The original MSCKF paper and follow ups by their groups have some discussions. A sliding window, shifting window, keyframing, or every third frame strategies can all give different advantages. In general, keyframing can improve the disparity of features during initialization and help initialize features even when stationary, but then you have to be careful to not re-use measurements multiple times which still can cause issues.
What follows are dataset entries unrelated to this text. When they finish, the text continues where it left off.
lemma gamma_pair_nonzero_imp_pos: "gamma_pair a y \<noteq> 0 \<Longrightarrow> fst y > 0 \<and> snd y > 0"
  using g_std_nonzero_imp_pos by (auto simp: gamma_pair_def)

lemma
  assumes "a > 0" and f: "integrable lborel (\<lambda>t. g_std a t * f t)"
  shows integrable_gamma_pair_mult_fst: "integrable lborel2 (\<lambda>y. gamma_pair a y * f (fst y))"
    and integral_gamma_pair_mult_fst:
      "(\<integral>y. gamma_pair a y * f (fst y) \<partial>lborel2) = (\<integral>t. g_std a t * f t \<partial>lborel)"
  using lborel_pair.integrable_mult_fst_snd[OF f integrable_g_std[OF assms(1)]]
    lborel_pair.integral_mult_fst_snd[OF f integrable_g_std[OF assms(1)]] integral_g_std[OF assms(1)]
  by (simp_all add: gamma_pair_def mult_ac)

lemma
  assumes "a > 0" and f: "integrable lborel (\<lambda>t. g_std a t * f t)"
  shows integrable_gamma_pair_mult_snd: "integrable lborel2 (\<lambda>y. gamma_pair a y * f (snd y))"
    and integral_gamma_pair_mult_snd:
      "(\<integral>y. gamma_pair a y * f (snd y) \<partial>lborel2) = (\<integral>t. g_std a t * f t \<partial>lborel)"
  using lborel_pair.integrable_mult_fst_snd[OF integrable_g_std[OF assms(1)] f]
    lborel_pair.integral_mult_fst_snd[OF integrable_g_std[OF assms(1)] f] integral_g_std[OF assms(1)]
  by (simp_all add: gamma_pair_def mult_ac)

lemma
  assumes "a > 0"
  shows integrable_gamma_pair: "integrable lborel2 (gamma_pair a)"
    and integral_gamma_pair: "integral\<^sup>L lborel2 (gamma_pair a) = 1"
  using integrable_gamma_pair_mult_fst[OF assms, of "\<lambda>_. 1"]
    integral_gamma_pair_mult_fst[OF assms, of "\<lambda>_. 1"]
  by (simp_all add: integrable_g_std[OF assms] integral_g_std[OF assms])

lemma integrable_g_std_mult_abs_ln:
  "a > 0 \<Longrightarrow> integrable lborel (\<lambda>t. g_std a t * \<bar>ln t\<bar>)"
  using integrable_abs[OF integrable_g_std_mult_ln] by (simp add: abs_mult g_std_nonneg)

lemma integrable_gamma_pair_mult_abs_ln:
  assumes "a > 0"
  shows "integrable lborel2 (\<lambda>y. gamma_pair a y * (\<bar>ln (fst y)\<bar> + \<bar>ln (snd y)\<bar>))"
  using integrable_gamma_pair_mult_fst[OF assms integrable_g_std_mult_abs_ln[OF assms]]
    integrable_gamma_pair_mult_snd[OF assms integrable_g_std_mult_abs_ln[OF assms]]
  by (simp add: distrib_left)

lemma integrable_gamma_pair_mult_ln_squared:
  assumes "a > 0"
  shows "integrable lborel2 (\<lambda>y. gamma_pair a y * ((ln (fst y))\<^sup>2 + (ln (snd y))\<^sup>2))"
  using integrable_gamma_pair_mult_fst[OF assms integrable_g_std_mult_ln_squared[OF assms]]
    integrable_gamma_pair_mult_snd[OF assms integrable_g_std_mult_ln_squared[OF assms]]
  by (simp add: distrib_left)

lemma integrable_gamma_pair_mult_log_winner:
  "a > 0 \<Longrightarrow> integrable lborel2 (\<lambda>y. gamma_pair a y * log_winner th y)"
  by (rule integrable_mult_dominated[OF integrable_gamma_pair_mult_abs_ln]) (auto simp: log_winner_def)

lemma integrable_gamma_pair_mult_log_winner_squared:
  "a > 0 \<Longrightarrow> integrable lborel2 (\<lambda>y. gamma_pair a y * (log_winner th y)\<^sup>2)"
  by (rule integrable_mult_dominated[OF integrable_gamma_pair_mult_ln_squared]) (auto simp: log_winner_def)

lemma delta_risk_expand:
  assumes "a > 0"
  shows "delta_risk a th c
    = (\<integral>y. gamma_pair a y * (log_winner th y)\<^sup>2 \<partial>lborel2) - 2 * c * mean_log_winner a th + c\<^sup>2"
proof -
  have "(\<lambda>y. gamma_pair a y * (log_winner th y - c)\<^sup>2)
      = (\<lambda>y. gamma_pair a y * (log_winner th y)\<^sup>2 - 2 * c * (gamma_pair a y * log_winner th y)
             + c\<^sup>2 * gamma_pair a y)"
    by (simp add: fun_eq_iff power2_diff algebra_simps)
  then show ?thesis
    using integrable_gamma_pair_mult_log_winner_squared[OF assms] integrable_gamma_pair_mult_log_winner[OF assms]
      integrable_gamma_pair[OF assms] integral_gamma_pair[OF assms]
    by (simp add: delta_risk_def mean_log_winner_def)
qed

lemma delta_risk_bias_variance:
  "a > 0 \<Longrightarrow> delta_risk a th c
    = delta_risk a th (mean_log_winner a th) + (mean_log_winner a th - c)\<^sup>2"
  by (simp add: delta_risk_expand power2_diff power2_eq_square algebra_simps)

lemma delta_risk_nonneg: "a > 0 \<Longrightarrow> delta_risk a th c \<ge> 0"
  unfolding delta_risk_def by (rule integral_nonneg_AE) (simp add: gamma_pair_nonneg)

lemma risk_delta:
  assumes "a > 0" and th: "th \<in> Theta"
  shows "risk a th (delta c) = ennreal (delta_risk a th c)"
proof -
  obtain t1 t2 where th_eq: "th = (t1, t2)" and t: "t1 > 0" "t2 > 0"
    using th by (auto simp: Theta_def)
  have loss: "(delta c (t1 * fst y, t2 * snd y) - H_S th (t1 * fst y, t2 * snd y))\<^sup>2 = (log_winner th y - c)\<^sup>2"
    if "fst y > 0" "snd y > 0" for y
    using that t by (auto simp: th_eq delta_def H_S_def log_winner_def max_def ln_mult)
  have "risk a th (delta c)
      = (\<integral>\<^sup>+y. ennreal (gamma_pair a y * (delta c (t1 * fst y, t2 * snd y) - H_S th (t1 * fst y, t2 * snd y))\<^sup>2) \<partial>lborel2)"
    unfolding risk_def th_eq gamma_pair_def
    by (subst nn_integral_gamma_dens_pair_scale) (use t in \<open>auto simp: delta_def H_S_def\<close>)
  also have "\<dots> = (\<integral>\<^sup>+y. ennreal (gamma_pair a y * (log_winner th y - c)\<^sup>2) \<partial>lborel2)"
    by (intro nn_integral_cong) (metis gamma_pair_nonzero_imp_pos loss mult_eq_0_iff)
  also have "\<dots> = ennreal (delta_risk a th c)"
    unfolding delta_risk_def
  proof (rule nn_integral_eq_integral)
    show "integrable lborel2 (\<lambda>y. gamma_pair a y * (log_winner th y - c)\<^sup>2)"
      using integrable_gamma_pair_mult_log_winner_squared[OF assms(1)] integrable_gamma_pair_mult_log_winner[OF assms(1)]
        integrable_gamma_pair[OF assms(1)]
      by (simp add: power2_diff algebra_simps)
  qed (simp add: gamma_pair_nonneg assms)
  finally show ?thesis .
qed

lemma risk_delta_less_iff:
  assumes "a > 0" "th \<in> Theta"
  shows "risk a th (delta c) < risk a th (delta d)
    \<longleftrightarrow> \<bar>mean_log_winner a th - c\<bar> < \<bar>mean_log_winner a th - d\<bar>"
proof -
  have "risk a th (delta c) < risk a th (delta d) \<longleftrightarrow> delta_risk a th c < delta_risk a th d"
    using delta_risk_nonneg[OF assms(1)] by (simp add: risk_delta[OF assms] ennreal_less_iff)
  also have "\<dots> \<longleftrightarrow> (mean_log_winner a th - c)\<^sup>2 < (mean_log_winner a th - d)\<^sup>2"
    by (subst (1 2) delta_risk_bias_variance[OF assms(1)]) simp
  finally show ?thesis
    by (metis abs_le_square_iff not_le)
qed

lemma risk_delta_le_iff:
  assumes "a > 0" "th \<in> Theta"
  shows "risk a th (delta c) \<le> risk a th (delta d)
    \<longleftrightarrow> \<bar>mean_log_winner a th - c\<bar> \<le> \<bar>mean_log_winner a th - d\<bar>"
  using risk_delta_less_iff[OF assms, of d c] by (simp add: not_less[symmetric])

lemma integral_gamma_pair_mult_mono:
  assumes "a > 0"
    and "integrable lborel2 (\<lambda>y. gamma_pair a y * f y)" "integrable lborel2 (\<lambda>y. gamma_pair a y * g y)"
    and "\<And>y. fst y > 0 \<Longrightarrow> snd y > 0 \<Longrightarrow> f y \<le> g y"
  shows "(\<integral>y. gamma_pair a y * f y \<partial>lborel2) \<le> (\<integral>y. gamma_pair a y * g y \<partial>lborel2)"
proof (rule integral_mono[OF assms(2,3)])
  fix y
  show "gamma_pair a y * f y \<le> gamma_pair a y * g y"
  proof (cases "gamma_pair a y = 0")
    case False
    then show ?thesis
      using gamma_pair_nonzero_imp_pos assms(4) gamma_pair_nonneg[OF assms(1)] by (simp add: mult_left_mono)
  qed simp
qed

lemma ln_fst_le_log_winner:
  assumes "snd th \<le> fst th" "fst th > 0" "fst y > 0" "snd y > 0"
  shows "ln (fst y) \<le> log_winner th y"
proof (cases "fst th * fst y \<ge> snd th * snd y")
  case False
  moreover have "snd th * snd y \<le> fst th * snd y" using assms by (simp add: mult_right_mono)
  ultimately have "fst th * fst y < fst th * snd y" by linarith
  then have "fst y < snd y" using assms(2) by simp
  with False assms show ?thesis by (simp add: log_winner_def)
qed (simp add: log_winner_def)

lemma ln_snd_le_log_winner:
  assumes "fst th \<le> snd th" "snd th > 0" "fst y > 0" "snd y > 0"
  shows "ln (snd y) \<le> log_winner th y"
proof (cases "fst th * fst y \<ge> snd th * snd y")
  case True
  moreover have "fst th * fst y \<le> snd th * fst y" using assms by (simp add: mult_right_mono)
  ultimately have "snd th * snd y \<le> snd th * fst y" by linarith
  then have "snd y \<le> fst y" using assms(2) by simp
  with True assms show ?thesis by (simp add: log_winner_def)
qed (simp add: log_winner_def)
Here is a paper that I believe has some discussion if I remember correctly: https://ieeexplore.ieee.org/abstract/document/6696807

goldbattle commented 1 year ago

There is also some discussion here on dynamic rates:

Zheng Huai and Guoquan Huang, Robocentric visual-inertial odometry, The International Journal of Robotics Research (IJRR), 2022 https://journals.sagepub.com/doi/10.1177/0278364919853361

Specifically:

It is important to note that this test is very challenging primarily due to: (i) several traffic lights where we must stop and wait for 15–25 seconds; (ii) frequent stop/yield signs before which we must stop or decelerate; (iii)dynamic scenes including running vehicles and pedestrians in the vicinity; (iv) strong lens flare when driving facing thesun; and (v) high speeds of vehicle when driving on some particular road sections (see Figure 9). .... For actual implementation, we employed a heuristic switching logic for the adaptive mode which is to be optimized in our future work; that is, the R-VIO changes the frequency of update from 15 to 7.5 Hz after detecting the speed descending (Dv < 0) for at least 2 seconds, and changes it back to 15 Hz once detecting the speed ascending (Dv > 0) for at least 2 seconds.